[Task input]
◇ ◇ ◇ ◇

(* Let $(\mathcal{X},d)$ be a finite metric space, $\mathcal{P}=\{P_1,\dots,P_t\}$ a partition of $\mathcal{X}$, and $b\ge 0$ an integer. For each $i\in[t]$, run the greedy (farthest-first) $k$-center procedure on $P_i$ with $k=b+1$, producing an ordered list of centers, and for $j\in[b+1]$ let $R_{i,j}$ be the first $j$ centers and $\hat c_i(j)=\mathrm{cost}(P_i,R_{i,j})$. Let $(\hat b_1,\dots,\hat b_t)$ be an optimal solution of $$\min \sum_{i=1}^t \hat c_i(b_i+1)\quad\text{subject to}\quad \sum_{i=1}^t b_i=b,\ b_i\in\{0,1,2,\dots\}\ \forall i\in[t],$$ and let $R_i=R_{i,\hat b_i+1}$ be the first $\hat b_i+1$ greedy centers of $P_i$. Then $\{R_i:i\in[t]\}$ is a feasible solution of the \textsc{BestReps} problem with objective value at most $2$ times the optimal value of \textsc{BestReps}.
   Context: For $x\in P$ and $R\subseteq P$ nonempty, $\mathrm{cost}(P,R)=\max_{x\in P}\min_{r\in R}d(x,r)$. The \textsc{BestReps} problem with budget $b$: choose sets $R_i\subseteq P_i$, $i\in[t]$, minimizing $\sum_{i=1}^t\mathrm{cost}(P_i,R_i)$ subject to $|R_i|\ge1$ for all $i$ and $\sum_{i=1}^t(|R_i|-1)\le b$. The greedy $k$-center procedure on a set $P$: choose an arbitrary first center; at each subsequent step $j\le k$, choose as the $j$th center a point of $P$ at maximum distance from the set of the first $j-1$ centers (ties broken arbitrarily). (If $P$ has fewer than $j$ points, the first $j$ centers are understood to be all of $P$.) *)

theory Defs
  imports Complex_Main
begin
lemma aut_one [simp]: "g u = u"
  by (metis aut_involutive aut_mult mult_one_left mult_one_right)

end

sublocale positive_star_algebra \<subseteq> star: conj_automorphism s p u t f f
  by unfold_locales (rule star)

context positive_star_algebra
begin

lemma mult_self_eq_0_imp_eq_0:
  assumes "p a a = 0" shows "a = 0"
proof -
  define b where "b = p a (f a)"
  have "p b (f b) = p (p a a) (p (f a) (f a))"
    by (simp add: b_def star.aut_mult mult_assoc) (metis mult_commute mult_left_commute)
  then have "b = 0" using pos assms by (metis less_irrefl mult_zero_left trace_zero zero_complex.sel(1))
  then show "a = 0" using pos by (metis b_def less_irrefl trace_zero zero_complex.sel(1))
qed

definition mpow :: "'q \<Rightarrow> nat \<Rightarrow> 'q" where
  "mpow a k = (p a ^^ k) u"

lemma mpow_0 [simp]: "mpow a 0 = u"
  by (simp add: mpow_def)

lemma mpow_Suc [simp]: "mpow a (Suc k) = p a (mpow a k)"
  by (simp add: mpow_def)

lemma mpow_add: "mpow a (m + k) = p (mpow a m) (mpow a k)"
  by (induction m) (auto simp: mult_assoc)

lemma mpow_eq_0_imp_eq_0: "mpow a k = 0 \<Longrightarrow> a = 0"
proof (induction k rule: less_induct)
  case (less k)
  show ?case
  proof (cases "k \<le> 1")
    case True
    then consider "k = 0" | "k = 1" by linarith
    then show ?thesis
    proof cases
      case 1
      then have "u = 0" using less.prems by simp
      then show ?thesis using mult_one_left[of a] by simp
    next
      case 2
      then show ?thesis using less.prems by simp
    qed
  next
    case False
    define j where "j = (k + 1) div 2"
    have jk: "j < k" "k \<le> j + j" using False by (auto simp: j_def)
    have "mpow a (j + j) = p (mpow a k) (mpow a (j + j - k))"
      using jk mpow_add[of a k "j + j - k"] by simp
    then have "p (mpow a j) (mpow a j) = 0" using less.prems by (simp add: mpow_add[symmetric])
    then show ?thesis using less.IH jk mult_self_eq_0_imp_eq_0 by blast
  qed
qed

◇ ◇ ◇ ◇

[What you are asked to do] In the records above, find the lines containing "where" and copy them.

[Result]
  define b where "b = p a (f a)"
definition mpow :: "'q \<Rightarrow> nat \<Rightarrow> 'q" where
    define j where "j = (k + 1) div 2"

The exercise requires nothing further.